* _Problem requirements_: Please copy out the entries below exactly, beginning with the line that contains "A :: ('n::finite, 'a::real_vector)" and ending with the line that contains "lam osc_em1 (osc_e", and include nothing outside that span.

Stored data entries
*****
(* Let $n\ge1$ and $\lambda=(\lambda_1,\dots,\lambda_n)\in\mathbb{R}^n$ with $0<\lambda_1\le\cdots\le\lambda_n$, and let $(\mathfrak{a},\langle\cdot,\cdot\rangle_{\mathfrak{a}})$ be an abelian quadratic Lie algebra. Endow $\mathrm{osc}(\lambda)\times\mathfrak{a}$ with the product quadratic structure. Then every derivation $D$ of $\mathrm{osc}(\lambda)\times\mathfrak{a}$ which is skew-symmetric with respect to the product form satisfies $D(e_0)=0$. In particular, $\mathrm{osc}(\lambda)\times\mathfrak{a}$ admits no $k$-symplectic structure for any $k\ge1$.
   Context: The oscillator Lie algebra $\mathrm{osc}(\lambda)$ has basis $\{e_{-1},e_0,e_i,\check e_i\}_{i=1,\dots,n}$ with nonvanishing brackets $[e_{-1},e_i]=\lambda_i\check e_i$, $[e_{-1},\check e_i]=-\lambda_ie_i$, $[e_i,\check e_i]=e_0$ (and those obtained by antisymmetry), and invariant quadratic form given for $x=x_{-1}e_{-1}+x_0e_0+\sum_i(x_ie_i+y_i\check e_i)$ by $\langle x,x\rangle=2x_{-1}x_0+\sum_i\frac{1}{\lambda_i}(x_i^2+y_i^2)$. An abelian quadratic Lie algebra is an abelian real Lie algebra with a nondegenerate symmetric bilinear form; the product structure is the Lie algebra direct product with orthogonal sum of forms. A $k$-symplectic structure on a real Lie algebra $\mathfrak{k}$ of dimension $m(k+1)$ ($m,k\ge1$) is a pair consisting of a Lie subalgebra $\mathfrak{h}\subset\mathfrak{k}$ of dimension $mk$ and a family $(\theta_1,\dots,\theta_k)$ of skew-symmetric bilinear forms on $\mathfrak{k}$ such that: (i) $\bigcap_{i=1}^k\ker\theta_i=\{0\}$, where $\ker\theta_i=\{u:\theta_i(u,v)=0\ \forall v\}$; (ii) each $\theta_i$ is a 2-cocycle: $\theta_i([u,v],w)+\theta_i([v,w],u)+\theta_i([w,u],v)=0$ for all $u,v,w$; (iii) $\theta_i(u,v)=0$ for all $u,v\in\mathfrak{h}$ and all $i$. *)

theory Defs
  imports "HOL-Analysis.Analysis"
begin

text \<open>Elements of osc(lambda) x a are tuples (s, t, x, y, p) meaning
  s e_{-1} + t e_0 + sum_i (x_i e_i + y_i e'_i) + p, where p lies in the
  abelian factor, given as a linear subspace A of a finite-dimensional real
  vector space 'a (so that A = 0 is allowed).\<close>

type_synonym ('n, 'a) oscv = "real \<times> real \<times> (real^'n) \<times> (real^'n) \<times> 'a"

definition osc_carrier :: "'a::real_vector set \<Rightarrow> ('n::finite, 'a) oscv set" where
  "osc_carrier A = {(s, t, x, y, p). p \<in> A}"

definition osc_bracket :: "real^'n::finite \<Rightarrow> ('n, 'a::real_vector) oscv \<Rightarrow> ('n, 'a) oscv \<Rightarrow> ('n, 'a) oscv" where
  "osc_bracket lam u v = (case u of (s1, t1, x1, y1, p1) \<Rightarrow> case v of (s2, t2, x2, y2, p2) \<Rightarrow>
     (0,
      (\<Sum>i\<in>UNIV. x1$i * y2$i - y1$i * x2$i),
      (\<chi> i. lam$i * (s2 * y1$i - s1 * y2$i)),
      (\<chi> i. lam$i * (s1 * x2$i - s2 * x1$i)),
      0))"

definition osc_form :: "real^'n::finite \<Rightarrow> ('a \<Rightarrow> 'a \<Rightarrow> real) \<Rightarrow> ('n, 'a) oscv \<Rightarrow> ('n, 'a) oscv \<Rightarrow> real" where
  "osc_form lam B u v = (case u of (s1, t1, x1, y1, p1) \<Rightarrow> case v of (s2, t2, x2, y2, p2) \<Rightarrow>
     s1 * t2 + t1 * s2 + (\<Sum>i\<in>UNIV. (x1$i * x2$i + y1$i * y2$i) / lam$i) + B p1 p2)"

definition osc_e0 :: "('n::finite, 'a::real_vector) oscv" where
  "osc_e0 = (0, 1, 0, 0, 0)"

definition is_derivation :: "'v::real_vector set \<Rightarrow> ('v \<Rightarrow> 'v \<Rightarrow> 'v) \<Rightarrow> ('v \<Rightarrow> 'v) \<Rightarrow> bool" where
  "is_derivation K br D \<longleftrightarrow>
     (\<forall>u\<in>K. D u \<in> K) \<and>
     (\<forall>u\<in>K. \<forall>v\<in>K. D (u + v) = D u + D v) \<and>
     (\<forall>c. \<forall>u\<in>K. D (c *\<^sub>R u) = c *\<^sub>R D u) \<and>
     (\<forall>u\<in>K. \<forall>v\<in>K. D (br u v) = br (D u) v + br u (D v))"

definition is_skew_wrt :: "'v set \<Rightarrow> ('v \<Rightarrow> 'v \<Rightarrow> real) \<Rightarrow> ('v \<Rightarrow> 'v) \<Rightarrow> bool" where
  "is_skew_wrt K q D \<longleftrightarrow> (\<forall>u\<in>K. \<forall>v\<in>K. q (D u) v + q u (D v) = 0)"

definition skew_bilinear_on :: "'v::real_vector set \<Rightarrow> ('v \<Rightarrow> 'v \<Rightarrow> real) \<Rightarrow> bool" where
  "skew_bilinear_on K \<theta> \<longleftrightarrow>
     (\<forall>u\<in>K. \<forall>v\<in>K. \<forall>w\<in>K. \<theta> (u + v) w = \<theta> u w + \<theta> v w) \<and>
     (\<forall>c. \<forall>u\<in>K. \<forall>w\<in>K. \<theta> (c *\<^sub>R u) w = c * \<theta> u w) \<and>
     (\<forall>u\<in>K. \<forall>v\<in>K. \<theta> u v = - \<theta> v u)"

definition form_kernel :: "'v set \<Rightarrow> ('v \<Rightarrow> 'v \<Rightarrow> real) \<Rightarrow> 'v set" where
  "form_kernel K \<theta> = {u\<in>K. \<forall>v\<in>K. \<theta> u v = 0}"

definition k_symplectic_structure ::
  "'v::euclidean_space set \<Rightarrow> ('v \<Rightarrow> 'v \<Rightarrow> 'v) \<Rightarrow> nat \<Rightarrow> nat \<Rightarrow> 'v set \<Rightarrow> (nat \<Rightarrow> 'v \<Rightarrow> 'v \<Rightarrow> real) \<Rightarrow> bool" where
  "k_symplectic_structure K br m k h \<theta> \<longleftrightarrow>
     dim K = m * (k + 1) \<and>
     subspace h \<and> h \<subseteq> K \<and> dim h = m * k \<and> (\<forall>u\<in>h. \<forall>v\<in>h. br u v \<in> h) \<and>
     (\<forall>i\<in>{1..k}. skew_bilinear_on K (\<theta> i)) \<and>
     (\<Inter>i\<in>{1..k}. form_kernel K (\<theta> i)) = {0} \<and>
     (\<forall>i\<in>{1..k}. \<forall>u\<in>K. \<forall>v\<in>K. \<forall>w\<in>K.
        \<theta> i (br u v) w + \<theta> i (br v w) u + \<theta> i (br w u) v = 0) \<and>
     (\<forall>i\<in>{1..k}. \<forall>u\<in>h. \<forall>v\<in>h. \<theta> i u v = 0)"

definition admits_k_symplectic :: "'v::euclidean_space set \<Rightarrow> ('v \<Rightarrow> 'v \<Rightarrow> 'v) \<Rightarrow> nat \<Rightarrow> bool" where
  "admits_k_symplectic K br k \<longleftrightarrow> (\<exists>m\<ge>1. \<exists>h \<theta>. k_symplectic_structure K br m k h \<theta>)"

end

theory Submission
  imports Defs
begin

text \<open>Since e_0 = [e_i, e'_i], a derivation D satisfies D e_0 = [D e_i, e'_i] + [e_i, D e'_i]. The
  bracket [u, e'_i] only sees the e_{-1}- and e_i-components of u. The e_{-1}-component of D e_i
  vanishes because e_i lies in the derived algebra, and its e_i-component vanishes because
  skewness gives 2 <D e_i, e_i> = 0; symmetrically for D e'_i, so D e_0 = 0.

  For a 2-cocycle theta, the cocycle identity with a central argument gives theta(e_0, [u, v]) = 0,
  which covers the derived algebra. The remaining directions are e_{-1}, where the cocycle
  identity on (e_i, e'_i, e_{-1}) gives theta(e_0, e_{-1}) = -lambda_i (theta(e_i, e_i) +
  theta(e'_i, e'_i)) = 0, and the abelian factor a, which is central, so that
  theta(e_0, p) = theta([e_i, e'_i], p) = 0. Hence e_0 lies in the kernel of every theta_j,
  contradicting the first axiom of a k-symplectic structure.\<close>

definition is_cocycle :: "'v set \<Rightarrow> ('v \<Rightarrow> 'v \<Rightarrow> 'v) \<Rightarrow> ('v \<Rightarrow> 'v \<Rightarrow> real) \<Rightarrow> bool" where
  "is_cocycle K br \<theta> \<longleftrightarrow>
     (\<forall>u\<in>K. \<forall>v\<in>K. \<forall>w\<in>K. \<theta> (br u v) w + \<theta> (br v w) u + \<theta> (br w u) v = 0)"

definition central_in :: "'v set \<Rightarrow> ('v \<Rightarrow> 'v \<Rightarrow> 'v::zero) \<Rightarrow> 'v \<Rightarrow> bool" where
  "central_in K br z \<longleftrightarrow> (\<forall>u\<in>K. br z u = 0 \<and> br u z = 0)"

lemma skew_bilinear_onD:
  assumes "skew_bilinear_on K \<theta>"
  shows skew_bilinear_on_add_left: "\<lbrakk>u \<in> K; v \<in> K; w \<in> K\<rbrakk> \<Longrightarrow> \<theta> (u + v) w = \<theta> u w + \<theta> v w"
    and skew_bilinear_on_scale_left: "\<lbrakk>u \<in> K; w \<in> K\<rbrakk> \<Longrightarrow> \<theta> (c *\<^sub>R u) w = c * \<theta> u w"
    and skew_bilinear_on_antisym: "\<lbrakk>u \<in> K; v \<in> K\<rbrakk> \<Longrightarrow> \<theta> u v = - \<theta> v u"
  using assms unfolding skew_bilinear_on_def by blast+

lemma is_derivationD:
  assumes "is_derivation K br D"
  shows derivation_closed: "u \<in> K \<Longrightarrow> D u \<in> K"
    and derivation_Leibniz: "\<lbrakk>u \<in> K; v \<in> K\<rbrakk> \<Longrightarrow> D (br u v) = br (D u) v + br u (D v)"
  using assms unfolding is_derivation_def by blast+

lemma is_skew_wrtD:
  "\<lbrakk>is_skew_wrt K q D; u \<in> K; v \<in> K\<rbrakk> \<Longrightarrow> q (D u) v + q u (D v) = 0"
  unfolding is_skew_wrt_def by blast

lemma skew_bilinear_on_zero_left:
  assumes "skew_bilinear_on K \<theta>" and "w \<in> K"
  shows "\<theta> 0 w = 0"
  using skew_bilinear_on_scale_left[OF assms, of w 0] assms(2) by simp

lemma skew_bilinear_on_self:
  assumes "skew_bilinear_on K \<theta>" and "u \<in> K"
  shows "\<theta> u u = 0"
  using skew_bilinear_on_antisym[OF assms(1,2,2)] by linarith

lemma subspace_left_annihilator:
  assumes "skew_bilinear_on K \<theta>" and "subspace K" and "z \<in> K"
  shows "subspace {u\<in>K. \<theta> u z = 0}"
  unfolding subspace_def
proof (intro conjI ballI allI)
  show "0 \<in> {u\<in>K. \<theta> u z = 0}"
    using assms subspace_0 skew_bilinear_on_zero_left by blast
  show "u + v \<in> {u\<in>K. \<theta> u z = 0}" if "u \<in> {u\<in>K. \<theta> u z = 0}" "v \<in> {u\<in>K. \<theta> u z = 0}" for u v
    using that assms subspace_add skew_bilinear_on_add_left[OF assms(1)] by fastforce
  show "c *\<^sub>R u \<in> {u\<in>K. \<theta> u z = 0}" if "u \<in> {u\<in>K. \<theta> u z = 0}" for c u
    using that assms subspace_scale skew_bilinear_on_scale_left[OF assms(1)] by fastforce
qed

lemma cocycle_bracket_central:
  assumes "skew_bilinear_on K \<theta>" and "is_cocycle K br \<theta>" and "central_in K br z"
    and "u \<in> K" and "v \<in> K" and "z \<in> K"
  shows "\<theta> (br u v) z = 0"
proof -
  have "\<theta> (br u v) z + \<theta> (br v z) u + \<theta> (br z u) v = 0"
    using assms(2,4-6) unfolding is_cocycle_def by blast
  moreover have "br v z = 0" and "br z u = 0"
    using assms(3-5) unfolding central_in_def by auto
  ultimately show ?thesis
    using skew_bilinear_on_zero_left[OF assms(1)] assms(4,5) by simp
qed

definition osc_em1 :: "('n::finite, 'a::real_vector) oscv" where
  "osc_em1 = (1, 0, 0, 0, 0)"

definition osc_e :: "'n::finite \<Rightarrow> ('n, 'a::real_vector) oscv" where
  "osc_e i = (0, 0, axis i 1, 0, 0)"

definition osc_e_check :: "'n::finite \<Rightarrow> ('n, 'a::real_vector) oscv" where
  "osc_e_check i = (0, 0, 0, axis i 1, 0)"

lemma osc_carrier_iff [simp]: "(s, t, x, y, p) \<in> osc_carrier A \<longleftrightarrow> p \<in> A"
  by (simp add: osc_carrier_def)

lemma subspace_osc_carrier:
  assumes "subspace A"
  shows "subspace (osc_carrier A :: ('n::finite, 'a::real_vector) oscv set)"
  using assms unfolding subspace_def osc_carrier_def by (auto simp: zero_prod_def)

lemma osc_basis_in_carrier:
  assumes "subspace A"
  shows "osc_em1 \<in> osc_carrier A" and "osc_e i \<in> osc_carrier A"
    and "osc_e_check i \<in> osc_carrier A" and "osc_e0 \<in> osc_carrier A"
  using subspace_0[OF assms]
  by (simp_all add: osc_em1_def osc_e_def osc_e_check_def osc_e0_def)

lemma fst_osc_bracket: "fst (osc_bracket lam u v) = 0"
  by (simp add: osc_bracket_def split: prod.splits)

lemma osc_bracket_in_carrier:
  "subspace A \<Longrightarrow> osc_bracket lam u v \<in> osc_carrier A"
  by (simp add: osc_bracket_def subspace_0 split: prod.splits)

lemmas axis_delta_simps =
  axis_def mult_if_delta if_distrib[where f="\<lambda>c. _ * c"] if_distrib[where f="\<lambda>c. c / _"] sum.delta

lemma osc_bracket_e_e_check: "osc_bracket lam (osc_e i) (osc_e_check i) = osc_e0"
  by (simp add: osc_bracket_def osc_e_def osc_e_check_def osc_e0_def vec_eq_iff
      axis_delta_simps cong: if_cong)

lemma osc_bracket_e_check_em1: "osc_bracket lam (osc_e_check i) osc_em1 = lam$i *\<^sub>R osc_e i"
  by (simp add: osc_bracket_def osc_e_def osc_e_check_def osc_em1_def vec_eq_iff axis_def)

lemma osc_bracket_em1_e: "osc_bracket lam osc_em1 (osc_e i) = lam$i *\<^sub>R osc_e_check i"
  by (simp add: osc_bracket_def osc_e_def osc_e_check_def osc_em1_def vec_eq_iff axis_def)

lemma osc_bracket_em1_surj:
  assumes "\<forall>i. lam$i \<noteq> 0" and "subspace A"
  obtains w where "w \<in> osc_carrier A" and "osc_bracket lam osc_em1 w = (0, 0, x, y, 0)"
proof
  show "(0, 0, \<chi> j. y$j / lam$j, \<chi> j. - x$j / lam$j, 0) \<in> osc_carrier A"
    using subspace_0[OF assms(2)] by simp
  show "osc_bracket lam osc_em1 (0, 0, \<chi> j. y$j / lam$j, \<chi> j. - x$j / lam$j, 0) = (0, 0, x, y, 0)"
    using assms(1) by (simp add: osc_bracket_def osc_em1_def vec_eq_iff)
qed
*****
* _Response to the exercise_:
  shows "subspace (osc_carrier A :: ('n::finite, 'a::real_vector) oscv set)"
  using assms unfolding subspace_def osc_carrier_def by (auto simp: zero_prod_def)

lemma osc_basis_in_carrier:
  assumes "subspace A"
  shows "osc_em1 \<in> osc_carrier A" and "osc_e i \<in> osc_carrier A"
    and "osc_e_check i \<in> osc_carrier A" and "osc_e0 \<in> osc_carrier A"
  using subspace_0[OF assms]
  by (simp_all add: osc_em1_def osc_e_def osc_e_check_def osc_e0_def)

lemma fst_osc_bracket: "fst (osc_bracket lam u v) = 0"
  by (simp add: osc_bracket_def split: prod.splits)

lemma osc_bracket_in_carrier:
  "subspace A \<Longrightarrow> osc_bracket lam u v \<in> osc_carrier A"
  by (simp add: osc_bracket_def subspace_0 split: prod.splits)

lemmas axis_delta_simps =
  axis_def mult_if_delta if_distrib[where f="\<lambda>c. _ * c"] if_distrib[where f="\<lambda>c. c / _"] sum.delta

lemma osc_bracket_e_e_check: "osc_bracket lam (osc_e i) (osc_e_check i) = osc_e0"
  by (simp add: osc_bracket_def osc_e_def osc_e_check_def osc_e0_def vec_eq_iff
      axis_delta_simps cong: if_cong)

lemma osc_bracket_e_check_em1: "osc_bracket lam (osc_e_check i) osc_em1 = lam$i *\<^sub>R osc_e i"
  by (simp add: osc_bracket_def osc_e_def osc_e_check_def osc_em1_def vec_eq_iff axis_def)

lemma osc_bracket_em1_e: "osc_bracket lam osc_em1 (osc_e i) = lam$i *\<^sub>R osc_e_check i"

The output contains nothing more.